Collected data entries
(* Let $(M_1,f_1,g_1)$ and $(M_2,f_2,g_2)$ be $(m,n)$-hypermodules over a commutative Krasner $(m,n)$-hyperring $(R,f',g')$ with scalar identity $1$, let $h:M_1\to M_2$ be an epimorphism, and let $\phi_1:\mathcal{SH}(M_1)\to\mathcal{SH}(M_1)\cup\{\varnothing\}$ and $\phi_2:\mathcal{SH}(M_2)\to\mathcal{SH}(M_2)\cup\{\varnothing\}$ be functions. Then: (1) if $Q_2$ is an $n$-ary $\phi_2$-classical prime subhypermodule of $M_2$ with $\phi_1(h^{-1}(Q_2))=h^{-1}(\phi_2(Q_2))$, then $h^{-1}(Q_2)$ is an $n$-ary $\phi_1$-classical prime subhypermodule of $M_1$; (2) if $Q_1$ is an $n$-ary $\phi_1$-classical prime subhypermodule of $M_1$ with $\mathrm{Ker}(h)\subseteq Q_1$ and $\phi_2(h(Q_1))=h(\phi_1(Q_1))$, then $h(Q_1)$ is an $n$-ary $\phi_2$-classical prime subhypermodule of $M_2$.
   Context: A commutative Krasner $(m,n)$-hyperring with scalar identity $1$ is a triple $(R,f',g')$ where $(R,f')$ is a canonical $m$-ary hypergroup with zero $0$, $(R,g')$ is a commutative $n$-ary semigroup, $g'$ is distributive over $f'$, $0$ is a zero element for $g'$, and $g'(x,1^{(n-1)})=x$. Notation: $x_i^j$ denotes $x_i,\dots,x_j$ and $x^{(k)}$ denotes $x$ repeated $k$ times. An $(m,n)$-hypermodule over $R$ is a triple $(M,f,g)$ with $(M,f)$ a canonical $m$-ary hypergroup with zero $0$ and $g:R^{n-1}\times M\to P^*(M)$ satisfying: $g(r_1^{n-1},f(x_1^m))=f(g(r_1^{n-1},x_1),\dots,g(r_1^{n-1},x_m))$; $g(r_1^{i-1},f'(s_1^m),r_{i+1}^{n-1},x)=f(g(r_1^{i-1},s_1,r_{i+1}^{n-1},x),\dots,g(r_1^{i-1},s_m,r_{i+1}^{n-1},x))$; $g(r_1^{i-1},g'(r_i^{i+n-1}),r_{i+n}^{2n-2},x)=g(r_1^{n-1},g(r_n^{2n-2},x))$; $g(r_1^{i-1},0,r_{i+1}^{n-1},x)=\{0\}$; moreover $g(1^{(n-1)},a)=\{a\}$. A subhypermodule is a nonempty $N\subseteq M$ with $(N,f)$ an $m$-ary subhypergroup and $g(R^{(n-1)},N)\subseteq N$; $\mathcal{SH}(M)$ is the set of subhypermodules of $M$. Given $\phi:\mathcal{SH}(M)\to\mathcal{SH}(M)\cup\{\varnothing\}$, a proper subhypermodule $Q$ of $M$ is $n$-ary $\phi$-classical prime if $g(r_1^{n-1},a)\subseteq Q\setminus\phi(Q)$ ($r_i\in R$, $a\in M$) implies $g(r_i,1^{(n-2)},a)\subseteq Q$ for some $1\le i\le n-1$. A homomorphism $h:M_1\to M_2$ satisfies $h(f_1(a_1^m))=f_2(h(a_1),\dots,h(a_m))$ and $h(g_1(r_1^{n-1},a))=g_2(r_1^{n-1},h(a))$; an epimorphism is a surjective homomorphism; $\mathrm{Ker}(h)=\{a\in M_1:h(a)=0\}$. *)

theory Defs
  imports Main "HOL-Library.Multiset"
begin

text \<open>Hyperoperations of arity k are modelled as functions on lists (applied to lists
of length k) with values in sets; the underlying sets are whole types.\<close>

definition sgl :: "'a list \<Rightarrow> 'a set list" where
  "sgl xs = map (\<lambda>x. {x}) xs"

definition hlift :: "('a list \<Rightarrow> 'a set) \<Rightarrow> 'a set list \<Rightarrow> 'a set" where
  "hlift f As = \<Union> {f xs | xs. list_all2 (\<in>) xs As}"

definition nary_hyperop :: "nat \<Rightarrow> ('a list \<Rightarrow> 'a set) \<Rightarrow> bool" where
  "nary_hyperop m f \<longleftrightarrow> (\<forall>xs. length xs = m \<longrightarrow> f xs \<noteq> {})"

definition nary_hassoc :: "nat \<Rightarrow> ('a list \<Rightarrow> 'a set) \<Rightarrow> bool" where
  "nary_hassoc m f \<longleftrightarrow> (\<forall>xs i j. length xs = 2*m - 1 \<longrightarrow> i < m \<longrightarrow> j < m \<longrightarrow>
      hlift f (sgl (take i xs) @ [f (take m (drop i xs))] @ sgl (drop (i+m) xs)) =
      hlift f (sgl (take j xs) @ [f (take m (drop j xs))] @ sgl (drop (j+m) xs)))"

definition nary_reproducible :: "nat \<Rightarrow> ('a list \<Rightarrow> 'a set) \<Rightarrow> 'a set \<Rightarrow> bool" where
  "nary_reproducible m f H \<longleftrightarrow> (\<forall>xs i. length xs = m \<longrightarrow> set xs \<subseteq> H \<longrightarrow> i < m \<longrightarrow>
      hlift f ((sgl xs)[i := H]) = H)"

definition nary_hypergroup :: "nat \<Rightarrow> ('a list \<Rightarrow> 'a set) \<Rightarrow> bool" where
  "nary_hypergroup m f \<longleftrightarrow> nary_hyperop m f \<and> nary_hassoc m f \<and> nary_reproducible m f UNIV"

definition nary_hcomm :: "nat \<Rightarrow> ('a list \<Rightarrow> 'a set) \<Rightarrow> bool" where
  "nary_hcomm m f \<longleftrightarrow> (\<forall>xs ys. length xs = m \<longrightarrow> mset xs = mset ys \<longrightarrow> f xs = f ys)"
lemma sum_fps_X_power_head_weight:
  "(\<Sum>a\<in>UNIV. fps_X ^ head_weight d r m a :: rat fps) =
     fps_X ^ d * ((1 + fps_X ^ (d * m + r)) * (1 + fps_X ^ (d * m + (d - r))))"
proof -
  have weights: "head_weight d r m NonD = d" "head_weight d r m OvR = d + (d * m + r)"
    "head_weight d r m OvDR = d + (d * m + (d - r))"
    "head_weight d r m OvD = d + (d * m + r) + (d * m + (d - r))"
    using r_small by (simp_all add: head_weight_def type_offset_def type_rise_def algebra_simps)
  show ?thesis
    by (simp add: UNIV_ptype weights power_add algebra_simps)
qed

lemma rhs_coeff_Suc:
  "rhs_coeff d r (Suc m) * (1 - fps_X ^ excess_weight d m) =
     rhs_coeff d r m * (\<Sum>a\<in>UNIV. fps_X ^ head_weight d r m a)"
proof -
  define P
    where "P = (\<Prod>i<m. (1 + fps_X ^ (d * i + r)) * (1 + fps_X ^ (d * i + (d - r))) :: rat fps)"
  define Q where "Q = (\<Prod>i<m. 1 - fps_X ^ (2 * d * (i + 1)) :: rat fps)"
  define E where "E = (1 - fps_X ^ excess_weight d m :: rat fps)"
  define T where "T = ((1 + fps_X ^ (d * m + r)) * (1 + fps_X ^ (d * m + (d - r))) :: rat fps)"
  have E: "inverse E * E = 1"
    using r_small by (intro inverse_mult_eq_1) (simp add: E_def excess_weight_def)
  have R: "rhs_coeff d r m = fps_X ^ (d * m) * P * inverse Q"
    unfolding rhs_coeff_def P_def Q_def ..
  have "rhs_coeff d r (Suc m) = fps_X ^ (d * m + d) * (P * T) * inverse (Q * E)"
    unfolding rhs_coeff_def P_def Q_def E_def T_def excess_weight_def prod.lessThan_Suc
    by (simp add: mult.commute[of d])
  also have "\<dots> = (fps_X ^ (d * m) * P * inverse Q) * (fps_X ^ d * T) * inverse E"
    by (simp only: fps_inverse_mult power_add mult_ac)
  finally have
    "rhs_coeff d r (Suc m) * E = rhs_coeff d r m * (fps_X ^ d * T) * (inverse E * E)"
    unfolding R by (simp only: mult_ac)
  then show ?thesis
    unfolding E mult_1_right sum_fps_X_power_head_weight by (simp only: E_def T_def)
qed
(* Let $M\ge1$, $N\ge0$, and let $v_1,\dots,v_N$ be nonzero complex numbers with $v_j^{-2}\neq\beta$; put $z_j=(v_j^{-2}-\beta)^{-1}$. For every tuple $\{n\}=(n_0,\dots,n_{M-1})$ of nonnegative integers with $\sum_kn_k=N$ and associated partition $\lambda$, $$\langle\{n\}|\Psi(\{v\}_N)\rangle=\prod_{j=1}^N(v_j^{-1}-\beta v_j)^{M-1}\,G_\lambda(z_1,\dots,z_N;\beta),\qquad \langle\Psi(\{v\}_N)|\{n\}\rangle=\prod_{j=1}^N(v_j^{-1}-\beta v_j)^{M-1}\,G_{\lambda^\vee}(z_1,\dots,z_N;\beta),$$ where $\lambda^\vee_j=M-1-\lambda_{N+1-j}$ (whenever the $z_j$ are pairwise distinct; otherwise by polynomial continuation).
   Context: Non-Hermitian phase model: $\beta\in\mathbb{C}$. $\mathcal{F}$ is the Fock space with orthonormal basis $|n\rangle$ ($n\ge0$); $\phi|n\rangle=|n-1\rangle$, $\phi|0\rangle=0$, $\phi^\dagger|n\rangle=|n+1\rangle$, $\pi|n\rangle=\delta_{n,0}|n\rangle$. Sites $0,\dots,M-1$ carry $\mathcal{F}_0,\dots,\mathcal{F}_{M-1}$. With $W_a=\mathbb{C}^2$ (basis $|0\rangle_a,|1\rangle_a$), $\mathcal{L}_{aj}(v)=\begin{pmatrix}v^{-1}-\beta v\pi_j&\phi_j^\dagger\\ \phi_j&v\end{pmatrix}$ (rows/columns indexed by $0,1$ in $W_a$), $\mathcal{T}_a(v)=\mathcal{L}_{a,M-1}(v)\cdots\mathcal{L}_{a,0}(v)=\begin{pmatrix}\mathcal{A}&\mathcal{B}\\ \mathcal{C}&\mathcal{D}\end{pmatrix}(v)$. Vacuum $|\Omega\rangle=\otimes_j|0\rangle_j$; $|\Psi(\{v\}_N)\rangle=\prod_{j=1}^N\mathcal{B}(v_j)|\Omega\rangle$, $\langle\Psi(\{v\}_N)|=\langle\Omega|\prod_{j=1}^N\mathcal{C}(v_j)$. $|\{n\}\rangle=\otimes_{j=0}^{M-1}|n_j\rangle_j$. The partition associated with $\{n\}$ is the weakly decreasing length-$N$ sequence $\lambda=((M-1)^{n_{M-1}},\dots,1^{n_1},0^{n_0})$. Grothendieck polynomial: $G_\lambda(z_1,\dots,z_N;\beta)=\det_{1\le j,k\le N}\big(z_j^{\lambda_k+N-k}(1+\beta z_j)^{k-1}\big)/\prod_{1\le j<k\le N}(z_j-z_k)$. *)

theory Defs
  imports "HOL-Analysis.Analysis" "Jordan_Normal_Form.Determinant"
begin

(* States of the M-site Fock space: coefficient functions on occupation
   configurations {n} = [n_0,...,n_(M-1)] (lists of length M).
   Operators act on coefficient functions; <{n}|psi> = psi {n}. *)
type_synonym fvec = "nat list \<Rightarrow> complex"
type_synonym fop = "fvec \<Rightarrow> fvec"

(* phi_j |n> = |n - e_j>  (0 if n_j = 0) *)
definition phi_op :: "nat \<Rightarrow> fop" where
  "phi_op j \<psi> = (\<lambda>n. \<psi> (n[j := n ! j + 1]))"

(* phi_j^dagger |n> = |n + e_j> *)
definition phid_op :: "nat \<Rightarrow> fop" where
  "phid_op j \<psi> = (\<lambda>n. if n ! j = 0 then 0 else \<psi> (n[j := n ! j - 1]))"

definition pi_op :: "nat \<Rightarrow> fop" where
  "pi_op j \<psi> = (\<lambda>n. if n ! j = 0 then \<psi> n else 0)"

definition Lop :: "complex \<Rightarrow> nat \<Rightarrow> complex \<Rightarrow> nat \<Rightarrow> nat \<Rightarrow> fop" where
  "Lop \<beta> j v a b =
     (if a = 0 \<and> b = 0 then (\<lambda>\<psi> n. inverse v * \<psi> n - \<beta> * v * pi_op j \<psi> n)
      else if a = 0 then phid_op j
      else if b = 0 then phi_op j
      else (\<lambda>\<psi> n. v * \<psi> n))"

definition opmat_mult :: "(nat \<Rightarrow> nat \<Rightarrow> fop) \<Rightarrow> (nat \<Rightarrow> nat \<Rightarrow> fop) \<Rightarrow> nat \<Rightarrow> nat \<Rightarrow> fop" where
  "opmat_mult X Y a b = (\<lambda>\<psi> n. \<Sum>c<2. X a c (Y c b \<psi>) n)"

fun monodromy :: "complex \<Rightarrow> nat \<Rightarrow> complex \<Rightarrow> nat \<Rightarrow> nat \<Rightarrow> fop" where
  "monodromy \<beta> 0 v = (\<lambda>a b. if a = b then (\<lambda>\<psi>. \<psi>) else (\<lambda>\<psi> n. 0))"
| "monodromy \<beta> (Suc m) v = opmat_mult (Lop \<beta> m v) (monodromy \<beta> m v)"

definition Bop :: "complex \<Rightarrow> nat \<Rightarrow> complex \<Rightarrow> fop" where
  "Bop \<beta> M v = monodromy \<beta> M v 0 1"

definition Cop :: "complex \<Rightarrow> nat \<Rightarrow> complex \<Rightarrow> fop" where
  "Cop \<beta> M v = monodromy \<beta> M v 1 0"

definition ket :: "nat list \<Rightarrow> fvec" where
  "ket m = (\<lambda>n. if n = m then 1 else 0)"

definition vacuum :: "nat \<Rightarrow> fvec" where
  "vacuum M = ket (replicate M 0)"

(* |Psi({v}_N)> = B(v_1) ... B(v_N) |Omega>, with v_1..v_N stored as v 0 .. v (N-1) *)
definition Psi_ket :: "complex \<Rightarrow> nat \<Rightarrow> nat \<Rightarrow> (nat \<Rightarrow> complex) \<Rightarrow> fvec" where
  "Psi_ket \<beta> M N v = foldr (\<lambda>j \<psi>. Bop \<beta> M (v j) \<psi>) [0..<N] (vacuum M)"

definition amp_ket :: "complex \<Rightarrow> nat \<Rightarrow> nat \<Rightarrow> (nat \<Rightarrow> complex) \<Rightarrow> nat list \<Rightarrow> complex" where
  "amp_ket \<beta> M N v n = Psi_ket \<beta> M N v n"

(* <Psi({v}_N)|{n}> = <Omega| C(v_1) ... C(v_N) |{n}> *)
definition amp_bra :: "complex \<Rightarrow> nat \<Rightarrow> nat \<Rightarrow> (nat \<Rightarrow> complex) \<Rightarrow> nat list \<Rightarrow> complex" where
  "amp_bra \<beta> M N v n = foldr (\<lambda>j \<psi>. Cop \<beta> M (v j) \<psi>) [0..<N] (ket n) (replicate M 0)"

(* partition ((M-1)^{n_{M-1}}, ..., 1^{n_1}, 0^{n_0}) as a weakly decreasing list;
   lambda_k (1-based) is entry k-1 *)
definition partition_of :: "nat list \<Rightarrow> nat list" where
  "partition_of n = concat (map (\<lambda>k. replicate (n ! k) k) (rev [0..<length n]))"

definition dual_partition :: "nat \<Rightarrow> nat list \<Rightarrow> nat list" where
  "dual_partition M lam = map (\<lambda>x. M - 1 - x) (rev lam)"

definition vandermonde :: "nat \<Rightarrow> (nat \<Rightarrow> complex) \<Rightarrow> complex" where
  "vandermonde N z = (\<Prod>(j,k) \<in> {(j,k). j < k \<and> k < N}. z j - z k)"

definition groth_ratio :: "nat \<Rightarrow> nat list \<Rightarrow> complex \<Rightarrow> (nat \<Rightarrow> complex) \<Rightarrow> complex" where
  "groth_ratio N lam \<beta> z =
     det (mat N N (\<lambda>(j,k). z j ^ (lam ! k + (N - 1 - k)) * (1 + \<beta> * z j) ^ k)) / vandermonde N z"

(* Grothendieck polynomial G_lam(z_1..z_N; beta): the ratio for pairwise distinct z,
   and its (polynomial, hence continuous) continuation otherwise, given as the limit
   over pairwise distinct points (only the first N coordinates vary). *)
definition grothendieck :: "nat \<Rightarrow> nat list \<Rightarrow> complex \<Rightarrow> (nat \<Rightarrow> complex) \<Rightarrow> complex" where
  "grothendieck N lam \<beta> z =
     (if inj_on z {..<N} then groth_ratio N lam \<beta> z
      else Lim (at z within {w. inj_on w {..<N} \<and> (\<forall>k\<ge>N. w k = z k)})
               (groth_ratio N lam \<beta>))"

end

theory Submission
  imports Defs
begin

(*
  Since the monodromy is a product of single-site L-operators, its matrix coefficients
  between occupation configurations factor over the sites.  Read on partitions, one row
  B(v) (or D(v)) therefore acts by a branching rule: a sum over the partitions mu
  interlacing lambda, with weights that are monomials in x = v^2 and 1 - beta x.
  Iterating over v_1, ..., v_N expresses the amplitude as an iterated branching sum.

  The bialternant det (u_i^(lambda_k + N-1-k) (1 - beta u_i)^(M-1-lambda_k)) divided by the
  Vandermonde determinant obeys the same branching rule: subtracting suitable multiples of
  neighbouring columns kills the first row except for its last entry, and the remaining
  minor expands, column by column, into exactly the interlacing sum.  The substitution
  u = z / (1 + beta z), which sends the spectral parameter z_j to v_j^2, turns this
  bialternant into the Grothendieck determinant times the prefactor; for coinciding z_j
  the identity passes to the limit because the branching sum is continuous.

  The bra amplitude reduces to the ket amplitude of the reversed configuration with the
  spectral parameters in reverse order, and reversing the configuration dualises the
  partition.
*)

section \<open>Matrix coefficients of the monodromy\<close>

(* site_coeff beta v a b x y = <x| L_ab(v) |y> on a single site *)
definition site_coeff :: "complex \<Rightarrow> complex \<Rightarrow> nat \<Rightarrow> nat \<Rightarrow> nat \<Rightarrow> nat \<Rightarrow> complex" where
 "site_coeff \<beta> v a b x y = (if a = 0 \<and> b = 0 then (if x = y then inverse v - (if y = 0 then \<beta> * v else 0) else 0)
   else if a = 0 then (if x = Suc y then 1 else 0)
   else if b = 0 then (if Suc x = y then 1 else 0)
   else (if x = y then v else 0))"

(* mono_coeff beta v M a b n m = <n| T_ab(v) |m> for the monodromy of the first M sites *)
fun mono_coeff :: "complex \<Rightarrow> complex \<Rightarrow> nat \<Rightarrow> nat \<Rightarrow> nat \<Rightarrow> nat list \<Rightarrow> nat list \<Rightarrow> complex" where
  "mono_coeff \<beta> v 0 a b n m = (if a = b then 1 else 0)"
| "mono_coeff \<beta> v (Suc M) a b n m = (\<Sum>c<2. site_coeff \<beta> v a c (n!M) (m!M) * mono_coeff \<beta> v M c b n m)"

definition near_confs :: "nat \<Rightarrow> nat list \<Rightarrow> nat list set" where
  "near_confs M n = {m. length m = length n \<and> (\<forall>j<M. m!j \<le> n!j + 1) \<and> (\<forall>j. M \<le> j \<longrightarrow> j < length n \<longrightarrow> m!j = n!j)}"

lemma finite_near_confs: "finite (near_confs M n)"
proof -
  have "near_confs M n \<subseteq> {xs. set xs \<subseteq> {..Max (set n) + 1} \<and> length xs = length n}"
  proof
    fix m assume m: "m \<in> near_confs M n"
    have "\<forall>x\<in>set m. x \<le> Max (set n) + 1"
    proof
      fix x assume "x \<in> set m"
      then obtain j where j: "j < length m" "m!j = x" by (auto simp: in_set_conv_nth)
      have jn: "j < length n" using j m by (auto simp: near_confs_def)
      have "n!j \<le> Max (set n)" using jn by auto
      moreover have "m!j \<le> n!j + 1" using m jn unfolding near_confs_def
        by (cases "j < M") auto
      ultimately show "x \<le> Max (set n) + 1" using j by simp
    qed
    then show "m \<in> {xs. set xs \<subseteq> {..Max (set n) + 1} \<and> length xs = length n}"
      using m by (auto simp: near_confs_def)
  qed
  moreover have "finite {xs. set xs \<subseteq> {..Max (set n) + 1} \<and> length xs = length n}"
    by (rule finite_lists_length_eq) auto
  ultimately show ?thesis by (rule finite_subset)
qed

lemma near_confs_eq: "length n = M \<Longrightarrow> near_confs M n = {m. length m = M \<and> (\<forall>j<M. m!j \<le> n!j + 1)}"
  by (auto simp: near_confs_def)

lemma mono_coeff_cong: "(\<And>j. j < M \<Longrightarrow> n!j = n'!j) \<Longrightarrow> (\<And>j. j < M \<Longrightarrow> m!j = m'!j) \<Longrightarrow>
   mono_coeff \<beta> v M a b n m = mono_coeff \<beta> v M a b n' m'"
  by (induction M arbitrary: a) auto

lemma sum_eq_single:
  assumes "finite A" "a \<in> A" "\<And>x. x \<in> A \<Longrightarrow> x \<noteq> a \<Longrightarrow> f x = 0"
  shows "sum f A = f a"
proof -
  have "sum f A = f a + sum f (A - {a})" using assms by (simp add: sum.remove)
  also have "sum f (A - {a}) = 0" using assms by (intro sum.neutral) auto
  finally show ?thesis by simp
qed

lemma sum_lessThan_2: "(\<Sum>c<(2::nat). f c) = f 0 + f 1"
  by (simp add: numeral_2_eq_2)
text \<open>By (iv), every \<open>H\<^sub>i\<close> agrees with \<open>H\<^sub>r\<^sub>-\<^sub>1\<close> on the edges used at step \<open>i\<close>, so the
  pulled-back solution is the edge image of the algorithm's solution under the single map
  \<open>H\<^sub>r\<^sub>-\<^sub>1\<close>.\<close>
lemma cost_pullback_le:
  assumes feasible_J: "feasible J (run A J)"
    and compatible: "\<And>i. i < r \<Longrightarrow> \<Union> (fst (A J i)) \<subseteq> esub e i"
  shows "cost I (run (pullback E A) I) \<le> cost J (run A J)"
proof (cases "r = 0")
  case True
  then show ?thesis
    by (simp add: run_def cost_def induced_by_simps)
next
  case False
  then have last: "r - 1 < r"
    by simp
  define H where "H = eH e (r - 1)"
  define R where "R i = fst (A J i)" for i
  have R_esub: "(\<Union>i<r. R i) \<subseteq> edges (esub e (r - 1))"
    unfolding R_def using algorithm_edges_in_esub[OF feasible_J compatible] by (intro UN_least) simp
  then have R_tgt: "(\<Union>i<r. R i) \<subseteq> edges (tgt e)"
    using edges_mono[OF esub_tgt[OF last]] by (rule order_trans)
  have image_V: "(\<Union>i<r. edge_image H (R i)) \<subseteq> edges V"
    unfolding H_def using R_esub by (intro UN_least edge_image_eH_subset[OF last]) auto
  have "cost I (run (pullback E A) I)
      = (\<Sum>y\<in>(\<Union>i<r. edge_image H (R i)). edge_len d y * rho I {i. i < r \<and> y \<in> edge_image H (R i)})"
    unfolding run_def H_def R_def by (rule cost_map_upt) (simp add: fst_pullback compatible)
  also have "\<dots> \<le> (\<Sum>x\<in>(\<Union>i<r. R i). edge_len (tdist e) x * rho I {i. i < r \<and> x \<in> R i})"
  proof (rule edge_image_cost_le[OF subadditive_rho])
    show "finite (\<Union>i<r. R i)"
      by (rule finite_subset[OF R_tgt]) (use target_metric in \<open>simp add: fin_metric_def finite_edges\<close>)
    show "0 \<le> edge_len (tdist e) x" if "x \<in> (\<Union>i<r. R i)" for x
      using that R_tgt edge_len_nonneg[OF target_metric] by blast
    show "edge_len d (H ` x) \<le> edge_len (tdist e) x" if "x \<in> (\<Union>i<r. R i)" "card (H ` x) = 2" for x
      using that R_esub unfolding H_def by (intro edge_len_eH_le[OF last]) auto
    show "0 \<le> edge_len d y" if "y \<in> (\<Union>i<r. edge_image H (R i))" for y
      using that image_V edge_len_nonneg[OF metric_V] by blast
  qed
  also have "\<dots> = cost J (run A J)"
  proof -
    have "cost J (run A J) = (\<Sum>x\<in>(\<Union>i<r. R i). edge_len (dist J) x * rho J {i. i < r \<and> x \<in> R i})"
      unfolding run_def induced_by_simps(4) by (rule cost_map_upt) (simp add: R_def)
    then show ?thesis
      by (simp add: induced_by_simps rho_induced_by)
  qed
  finally show ?thesis .
qed

lemma F_extends:
  assumes "i < r" "z \<in> cum Z i"
  shows "F z = f i z"
proof -
  have "i \<le> r - 1" "r - 1 < r"
    using assms(1) by auto
  have "z \<in> cum Z (r - 1)"
    using cum_mono[OF \<open>i \<le> r - 1\<close>, of Z] assms(2) by blast
  then have "F z = f (r - 1) z"
    by (rule eF_f[OF \<open>r - 1 < r\<close>])
  also have "\<dots> = f i z"
    by (rule f_extends[OF \<open>i \<le> r - 1\<close> \<open>r - 1 < r\<close> assms(2)])
  finally show ?thesis .
qed

lemma inv_F: "i < r \<Longrightarrow> z \<in> cum Z i \<Longrightarrow> g i (F z) = z"
  using F_extends inv_f by simp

▶ **WORK ORDER**
If the string "entry" appears in a line of the entries, report the line.

▶ **SOLUTION TO THIS PROBLEM**
   lambda_k (1-based) is entry k-1 *)
  neighbouring columns kills the first row except for its last entry, and the remaining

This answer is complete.